I had set out to create a companion piece to my casted Happy Meal I created earlier this semester. It was to become a life-sized statue of The Hamburglar resting a McDonald's tray containing my casted Happy Meal on his back. The sculpture was to be all white, much like the happy meal items and I was shaping it to reference the statue of Atlas. Since some people may not know of this mythological tale I'll tell a very very brief version: long ago the Titans fought the Olympians and lost. Atlas, who had sided with the Titans was punished by being forced to hold a celestial sphere on his shoulders for eternity. Seeing as how I'm obsessed with esoterica, I not only know a great deal about Atlas's plight, but also the mythology of McDonaldland of which The Hamburglar is the main antagonist. The fact that the McDonald's corporation integrated an entire imaginary world to better sell Happy Meals to children is one of the most amazingly American things to have ever happened. I will finish this sculpture and title it "The Weight of the World" which is a double entendre.
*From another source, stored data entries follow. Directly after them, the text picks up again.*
lemma ln_pmf_binomial_ge:
  fixes p :: real
  assumes "0 < p" "p < 1" "x = 0 \<or> x < m"
  shows "0 < pmf (binomial_pmf m p) x"
    and "real x * ln ((real m - real x) * p / (real x + 1)) + real x - ln (real x + 1) - real m * p / (1 - p)
           \<le> ln (pmf (binomial_pmf m p) x)"
proof -
  have pmf_eq: "pmf (binomial_pmf m p) x = real (m choose x) * p ^ x * (1 - p) ^ (m - x)"
    using assms by (intro pmf_binomial) auto
  have "x \<le> m"
    using assms(3) by auto
  then show "0 < pmf (binomial_pmf m p) x"
    using assms by (simp add: pmf_eq)
  have ln_eq: "ln (pmf (binomial_pmf m p) x)
                 = ln (real (m choose x)) + real x * ln p + (real m - real x) * ln (1 - p)"
    using \<open>x \<le> m\<close> assms by (simp add: pmf_eq ln_mult ln_realpow of_nat_diff)
  have "- (real m * p / (1 - p)) \<le> real m * ln (1 - p)"
    using mult_left_mono[OF ln_one_minus_ge[of p], of "real m"] assms by simp
  also have "\<dots> \<le> (real m - real x) * ln (1 - p)"
    using assms by (intro mult_right_mono_neg) auto
  finally have tail: "- (real m * p / (1 - p)) \<le> (real m - real x) * ln (1 - p)" .
  show "real x * ln ((real m - real x) * p / (real x + 1)) + real x - ln (real x + 1) - real m * p / (1 - p)
          \<le> ln (pmf (binomial_pmf m p) x)"
  proof (cases "x = 0")
    case True
    with tail ln_eq show ?thesis
      by simp
  next
    case False
    with assms have "x < m"
      by simp
    have "real x * ln (real m - real x) - ln (fact x) = ln (real (m - x) ^ x / fact x)"
      using \<open>x < m\<close> by (simp add: ln_div ln_realpow of_nat_diff)
    also have "\<dots> \<le> ln (real (m choose x))"
      using \<open>x < m\<close> pow_div_fact_le_binomial[of x m] by (subst ln_le_cancel_iff) auto
    finally have "real x * ln (real m - real x) - ln (fact x) \<le> ln (real (m choose x))" .
    moreover have "ln ((real m - real x) * p / (real x + 1)) = ln (real m - real x) + ln p - ln (real x + 1)"
      using \<open>x < m\<close> assms by (simp add: ln_mult ln_div)
    then have "real x * ln ((real m - real x) * p / (real x + 1))
                 = real x * ln (real m - real x) + real x * ln p - real x * ln (real x + 1)"
      by (simp only: distrib_left right_diff_distrib)
    moreover have "(real x + 1) * ln (real x + 1) = real x * ln (real x + 1) + ln (real x + 1)"
      by (simp add: algebra_simps)
    ultimately show ?thesis
      using ln_fact_le[of x] tail ln_eq by linarith
  qed
qed

lemma pmf_mult_pmf_le_diff_prob:
  assumes "int x - int r \<le> k"
  shows "pmf (binomial_pmf m1 (a * ln n / n)) x * pmf (binomial_pmf m2 (b * ln n / n)) r
           \<le> diff_prob a b n m1 m2 k"
proof -
  let ?M = "pair_pmf (binomial_pmf m1 (a * ln n / n)) (binomial_pmf m2 (b * ln n / n))"
  have "pmf (binomial_pmf m1 (a * ln n / n)) x * pmf (binomial_pmf m2 (b * ln n / n)) r
          = measure_pmf.prob ?M {(x, r)}"
    by (simp add: pmf_pair measure_pmf_single)
  also have "\<dots> \<le> diff_prob a b n m1 m2 k"
    unfolding diff_prob_def using assms by (intro measure_pmf.finite_measure_mono) auto
  finally show ?thesis .
qed

section \<open>The rate function\<close>

text \<open>\<open>n powr poisson_rate (a * \<rho>) c\<close> is the order of \<open>P{Bin(\<rho> n, a log n / n) = c log n}\<close>.
  At \<open>c = 0\<close> the junk value \<open>ln (\<mu> / 0)\<close> is multiplied by \<open>0\<close>, giving the correct value \<open>-\<mu>\<close>.\<close>

definition poisson_rate :: "real \<Rightarrow> real \<Rightarrow> real" where
  "poisson_rate \<mu> c = c * ln (\<mu> / c) + c - \<mu>"

lemma chernoff_exponent_ln_eq_poisson_rates:
  assumes "0 < y" "\<mu>1 = c1 * y" "\<mu>2 * y = c2"
  shows "chernoff_exponent \<mu>1 \<mu>2 (c1 - c2) (ln y) = poisson_rate \<mu>1 c1 + poisson_rate \<mu>2 c2"
proof -
  have "c1 * ln (\<mu>1 / c1) = ln y * c1"
    using assms by (cases "c1 = 0") simp_all
  moreover have "c2 * ln (\<mu>2 / c2) = - (ln y * c2)"
  proof (cases "c2 = 0")
    case False
    then have "\<mu>2 / c2 = 1 / y"
      using assms by (auto simp: field_simps)
    then show ?thesis
      using assms by (simp add: ln_div)
  qed simp
  moreover have "\<mu>1 * exp (- ln y) = c1" "\<mu>2 * exp (ln y) = c2"
    using assms by (simp_all add: exp_minus field_simps)
  ultimately show ?thesis
    unfolding chernoff_exponent_def poisson_rate_def right_diff_distrib by linarith
qed

lemma tilt_exists:
  fixes a b \<rho>1 \<rho>2 \<alpha> :: real
  defines "\<gamma> \<equiv> sqrt (\<alpha>\<^sup>2 + 4 * \<rho>1 * \<rho>2 * a * b)"
  assumes "0 < a" "0 < b" "0 \<le> \<rho>1" "0 \<le> \<rho>2" and "\<alpha> \<le> a * \<rho>1 - b * \<rho>2" and "\<rho>2 = 0 \<Longrightarrow> 0 < \<alpha>"
  obtains y where "1 \<le> y" "a * \<rho>1 = (\<gamma> + \<alpha>) / 2 * y" "b * \<rho>2 * y = (\<gamma> - \<alpha>) / 2"
proof (cases "\<rho>2 = 0")
  case True
  then have "\<gamma> = \<alpha>"
    using assms by (simp add: \<gamma>_def)
  then show ?thesis
    using True assms by (intro that[of "a * \<rho>1 / \<alpha>"]) simp_all
next
  case False
  then have "0 < b * \<rho>2"
    using assms by simp
  have \<gamma>_sq: "\<gamma>\<^sup>2 = \<alpha>\<^sup>2 + 4 * (a * \<rho>1) * (b * \<rho>2)"
    using assms by (simp add: \<gamma>_def algebra_simps)
  have "\<alpha> + 2 * (b * \<rho>2) \<le> \<gamma>"
  proof (rule power2_le_imp_le)
    have "4 * (b * \<rho>2) * (\<alpha> + b * \<rho>2) \<le> 4 * (b * \<rho>2) * (a * \<rho>1)"
      using assms \<open>0 < b * \<rho>2\<close> by (intro mult_left_mono) auto
    then show "(\<alpha> + 2 * (b * \<rho>2))\<^sup>2 \<le> \<gamma>\<^sup>2"
      unfolding \<gamma>_sq by (simp add: power2_eq_square algebra_simps)
  qed (use assms in \<open>simp add: \<gamma>_def\<close>)
  define y where "y = (\<gamma> - \<alpha>) / (2 * (b * \<rho>2))"
  have "(\<gamma> + \<alpha>) / 2 * y = (\<gamma> + \<alpha>) * (\<gamma> - \<alpha>) / (4 * (b * \<rho>2))"
    by (simp add: y_def)
  also have "(\<gamma> + \<alpha>) * (\<gamma> - \<alpha>) = 4 * (a * \<rho>1) * (b * \<rho>2)"
    using \<gamma>_sq by (simp add: power2_eq_square algebra_simps)
  finally have "(\<gamma> + \<alpha>) / 2 * y = a * \<rho>1"
    using assms False by simp
  moreover have "1 \<le> y" "b * \<rho>2 * y = (\<gamma> - \<alpha>) / 2"
    using \<open>\<alpha> + 2 * (b * \<rho>2) \<le> \<gamma>\<close> assms False by (simp_all add: y_def field_simps)
  ultimately show ?thesis
    using that by simp
qed

lemma g_rate_interior_eq_tilt:
  fixes a b \<rho>1 \<rho>2 \<alpha> y :: real
  defines "\<gamma> \<equiv> sqrt (\<alpha>\<^sup>2 + 4 * \<rho>1 * \<rho>2 * a * b)"
  assumes ab: "0 < a" "0 < b" and \<rho>: "0 < \<rho>1" "0 < \<rho>2"
    and y: "0 < y" and tilt: "a * \<rho>1 = (\<gamma> + \<alpha>) / 2 * y" "b * \<rho>2 * y = (\<gamma> - \<alpha>) / 2"
  shows "g_rate \<rho>1 \<rho>2 a b \<alpha> = a * \<rho>1 + b * \<rho>2 - \<gamma> - ln y * \<alpha>"
proof -
  have "0 < (\<gamma> + \<alpha>) / 2 * y"
    unfolding tilt(1)[symmetric] using ab \<rho> by simp
  then have "0 < \<gamma> + \<alpha>"
    using y by (simp add: zero_less_mult_iff)
  have "(\<gamma> - \<alpha>) * (a * \<rho>1) = (\<gamma> + \<alpha>) * y * ((\<gamma> - \<alpha>) / 2)"
    unfolding tilt by (simp add: algebra_simps)
  also have "\<dots> = ((\<gamma> + \<alpha>) * (b * \<rho>2)) * y\<^sup>2"
    unfolding tilt(2)[symmetric] by (simp add: power2_eq_square algebra_simps)
  finally have "(\<gamma> - \<alpha>) * a * \<rho>1 / ((\<gamma> + \<alpha>) * b * \<rho>2)
                  = ((\<gamma> + \<alpha>) * b * \<rho>2) * y\<^sup>2 / ((\<gamma> + \<alpha>) * b * \<rho>2)"
    by (simp only: mult.assoc)
  also have "\<dots> = y\<^sup>2"
    using \<open>0 < \<gamma> + \<alpha>\<close> \<rho> ab by (intro nonzero_mult_div_cancel_left) simp
  finally have "(\<gamma> - \<alpha>) * a * \<rho>1 / ((\<gamma> + \<alpha>) * b * \<rho>2) = y\<^sup>2" .
  then show ?thesis
    using \<rho> y by (simp add: g_rate_def Let_def \<gamma>_def[symmetric] ln_realpow)
qed

lemma g_rate_boundary_eq_tilt:
  fixes a b \<rho>1 \<rho>2 \<alpha> y :: real
  defines "\<gamma> \<equiv> sqrt (\<alpha>\<^sup>2 + 4 * \<rho>1 * \<rho>2 * a * b)"
  assumes ab: "0 < a" "0 < b" and \<rho>: "\<rho>1 = 0 \<and> 0 < \<rho>2 \<or> 0 < \<rho>1 \<and> \<rho>2 = 0"
    and y: "0 < y" and tilt: "a * \<rho>1 = (\<gamma> + \<alpha>) / 2 * y" "b * \<rho>2 * y = (\<gamma> - \<alpha>) / 2"
  shows "g_rate \<rho>1 \<rho>2 a b \<alpha> = a * \<rho>1 + b * \<rho>2 - \<gamma> - ln y * \<alpha>"
  using \<rho>
proof
  assume \<rho>': "\<rho>1 = 0 \<and> 0 < \<rho>2"
  moreover have "0 < b * \<rho>2 * y"
    using ab y \<rho>' by simp
  ultimately have "\<gamma> = - \<alpha>" "0 < - \<alpha>"
    using y tilt by auto
  have "- exp 1 * \<rho>2 * b / \<alpha> = exp 1 * (b * \<rho>2 * y) / (- \<alpha> * y)"
    using y by (simp add: field_simps)
  also have "\<dots> = exp 1 / y"
    unfolding tilt(2) using \<open>\<gamma> = - \<alpha>\<close> \<open>0 < - \<alpha>\<close> by simp
  finally have ln_eq: "ln (- exp 1 * \<rho>2 * b / \<alpha>) = 1 - ln y"
    using y by (simp add: ln_div)
  have "g_rate \<rho>1 \<rho>2 a b \<alpha> = \<rho>2 * b + \<alpha> * ln (- exp 1 * \<rho>2 * b / \<alpha>)"
    using \<rho>' by (simp add: g_rate_def)
  also have "\<dots> = \<rho>2 * b + \<alpha> * (1 - ln y)"
    by (simp only: ln_eq)
  finally show ?thesis
    using \<rho>' \<open>\<gamma> = - \<alpha>\<close> by (simp add: algebra_simps)
next
  assume \<rho>': "0 < \<rho>1 \<and> \<rho>2 = 0"
  moreover have "0 < a * \<rho>1"
    using ab \<rho>' by simp
  ultimately have "\<gamma> = \<alpha>" "0 < \<alpha>"
    using y tilt by (auto simp: zero_less_mult_iff)
  have "exp 1 * \<rho>1 * a / \<alpha> = exp 1 * (a * \<rho>1) / \<alpha>"
    by (simp add: ac_simps)
  also have "\<dots> = exp 1 * y"
    unfolding tilt(1) using \<open>\<gamma> = \<alpha>\<close> \<open>0 < \<alpha>\<close> by simp
  finally have ln_eq: "ln (exp 1 * \<rho>1 * a / \<alpha>) = 1 + ln y"
    using y by (simp add: ln_mult)
  have "g_rate \<rho>1 \<rho>2 a b \<alpha> = \<rho>1 * a - \<alpha> * ln (exp 1 * \<rho>1 * a / \<alpha>)"
    using \<rho>' by (simp add: g_rate_def)
  also have "\<dots> = \<rho>1 * a - \<alpha> * (1 + ln y)"
    by (simp only: ln_eq)
  finally show ?thesis
    using \<rho>' \<open>\<gamma> = \<alpha>\<close> by (simp add: algebra_simps)
qed

lemma g_rate_eq_chernoff_exponent:
  fixes a b \<rho>1 \<rho>2 \<alpha> y :: real
  defines "\<gamma> \<equiv> sqrt (\<alpha>\<^sup>2 + 4 * \<rho>1 * \<rho>2 * a * b)"
  assumes ab: "0 < a" "0 < b" and \<rho>: "0 \<le> \<rho>1" "0 \<le> \<rho>2" "0 < \<rho>1 \<or> 0 < \<rho>2"
    and y: "0 < y" and tilt: "a * \<rho>1 = (\<gamma> + \<alpha>) / 2 * y" "b * \<rho>2 * y = (\<gamma> - \<alpha>) / 2"
  shows "- g_rate \<rho>1 \<rho>2 a b \<alpha> = chernoff_exponent (a * \<rho>1) (b * \<rho>2) \<alpha> (ln y)"
proof -
  have tilted: "a * \<rho>1 * exp (- ln y) = (\<gamma> + \<alpha>) / 2" "b * \<rho>2 * exp (ln y) = (\<gamma> - \<alpha>) / 2"
    using y tilt by (simp_all add: exp_minus field_simps)
  have "chernoff_exponent (a * \<rho>1) (b * \<rho>2) \<alpha> (ln y) = ln y * \<alpha> + \<gamma> - a * \<rho>1 - b * \<rho>2"
    unfolding chernoff_exponent_def right_diff_distrib mult_1_right tilted by (simp add: field_simps)
  moreover have "g_rate \<rho>1 \<rho>2 a b \<alpha> = a * \<rho>1 + b * \<rho>2 - \<gamma> - ln y * \<alpha>"
  proof (cases "0 < \<rho>1 \<and> 0 < \<rho>2")
    case True
    then show ?thesis
      using g_rate_interior_eq_tilt[OF ab _ _ y tilt[unfolded \<gamma>_def]] unfolding \<gamma>_def by simp
  next
    case False
    with \<rho> have "\<rho>1 = 0 \<and> 0 < \<rho>2 \<or> 0 < \<rho>1 \<and> \<rho>2 = 0"
      by linarith
    then show ?thesis
      using g_rate_boundary_eq_tilt[OF ab _ y tilt[unfolded \<gamma>_def]] unfolding \<gamma>_def by simp
  qed
  ultimately show ?thesis
    by simp
qed

lemma optimal_chernoff_exponent:
  fixes a b \<rho>1 \<rho>2 \<alpha> :: real
  assumes ab: "0 < a" "0 < b" and \<rho>: "0 \<le> \<rho>1" "0 \<le> \<rho>2" "0 < \<rho>1 \<or> 0 < \<rho>2"
    and \<alpha>: "\<alpha> \<le> a * \<rho>1 - b * \<rho>2" "\<rho>2 = 0 \<Longrightarrow> 0 < \<alpha>"
  obtains \<theta> where "0 \<le> \<theta>" "chernoff_exponent (a * \<rho>1) (b * \<rho>2) \<alpha> \<theta> = - g_rate \<rho>1 \<rho>2 a b \<alpha>"
proof -
  obtain y where "1 \<le> y"
    and tilt: "a * \<rho>1 = (sqrt (\<alpha>\<^sup>2 + 4 * \<rho>1 * \<rho>2 * a * b) + \<alpha>) / 2 * y"
              "b * \<rho>2 * y = (sqrt (\<alpha>\<^sup>2 + 4 * \<rho>1 * \<rho>2 * a * b) - \<alpha>) / 2"
    using tilt_exists[OF ab \<rho>(1,2) \<alpha>] by blast
  show ?thesis
  proof
    show "0 \<le> ln y"
      using \<open>1 \<le> y\<close> by simp
    show "chernoff_exponent (a * \<rho>1) (b * \<rho>2) \<alpha> (ln y) = - g_rate \<rho>1 \<rho>2 a b \<alpha>"
      using g_rate_eq_chernoff_exponent[OF ab \<rho> _ tilt] \<open>1 \<le> y\<close> by simp
  qed
qed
The second iteration of this piece is the large pile of cans and boxes holding a doctor's note. I am not pleased with this as an object. I regret not coming up with a backup plan earlier as it was becoming increasingly obvious that I had severely underestimated the time table. I was using a heat knife to slice up the styrofoam and it was moving along quite well until I succumbed to a dizzy spell/fainting spell from the fumes produced in the process. Luckily, the heat knife only stays heated if you hold the button in and when I was unconscious I hadn't held the button in... otherwise this could have been even more dangerous than it already seemed to be, especially at 4am. Luckily my girlfriend got me in to see a doctor as soon as possible and aside from burning eyes, lungs and throat and a terrible headache I came out of it alright. When I recovered, I was determined to finish only to find that the heat knife stopped working after a few minutes. It was getting quite late again and I had to come up with something. I decided to make a shrine to my failure to deliver on what I arrogantly promised myself I would finish. The shrine I made was a reflection on my flimsiness and insecurity in the wake of a tremendously crushing semester. My lifestyle was spinning out of control and my attempt to push out in front of it was ill-conceived and doomed for failure. Several people warned me that I shouldn't have set the bar so high for myself when I'm already under too much pressure and that I barely have any time to work on something so ambitious... and I think deep-down I knew it too but couldn't admit it. So I ended up with something scraped together in a very haphazard way that I regret. I did think that the doctor's note was funny, but I guess it was an inside joke to some degree and my mental state at the time made it seem funnier to me than it perhaps was to anyone else. In a lot of ways this was an unintentional performance about failure and it's only made worse by comparison when I consider the third version...
The third way to look at this is far more intelligent and so simple I couldn't have thought of it in my panicked state. Basically, I should have brought in the half formed structure of the pedestal that I have finished... then stab the doctor's note into the flat top-most surface of it using the broken hot knife. I realized it shortly after I got to the school. I mean, I knew that the haphazard object I brought in was challenging both aesthetically and semiotically... but I could have salvaged a failed sculpture that functioned much better had I kept my wits about me after the knife broke. (It also would have been cathartic to cause some hard to this object that had caused me so much grief). Maybe that's all I need to say... the conception was a reflection of my pride and determination... the shaky heap was a reflection of my bemused resignation and malaise and the afterthought that I regret not bringing in instead is a reflection of my anger towards myself for my lack of foresight.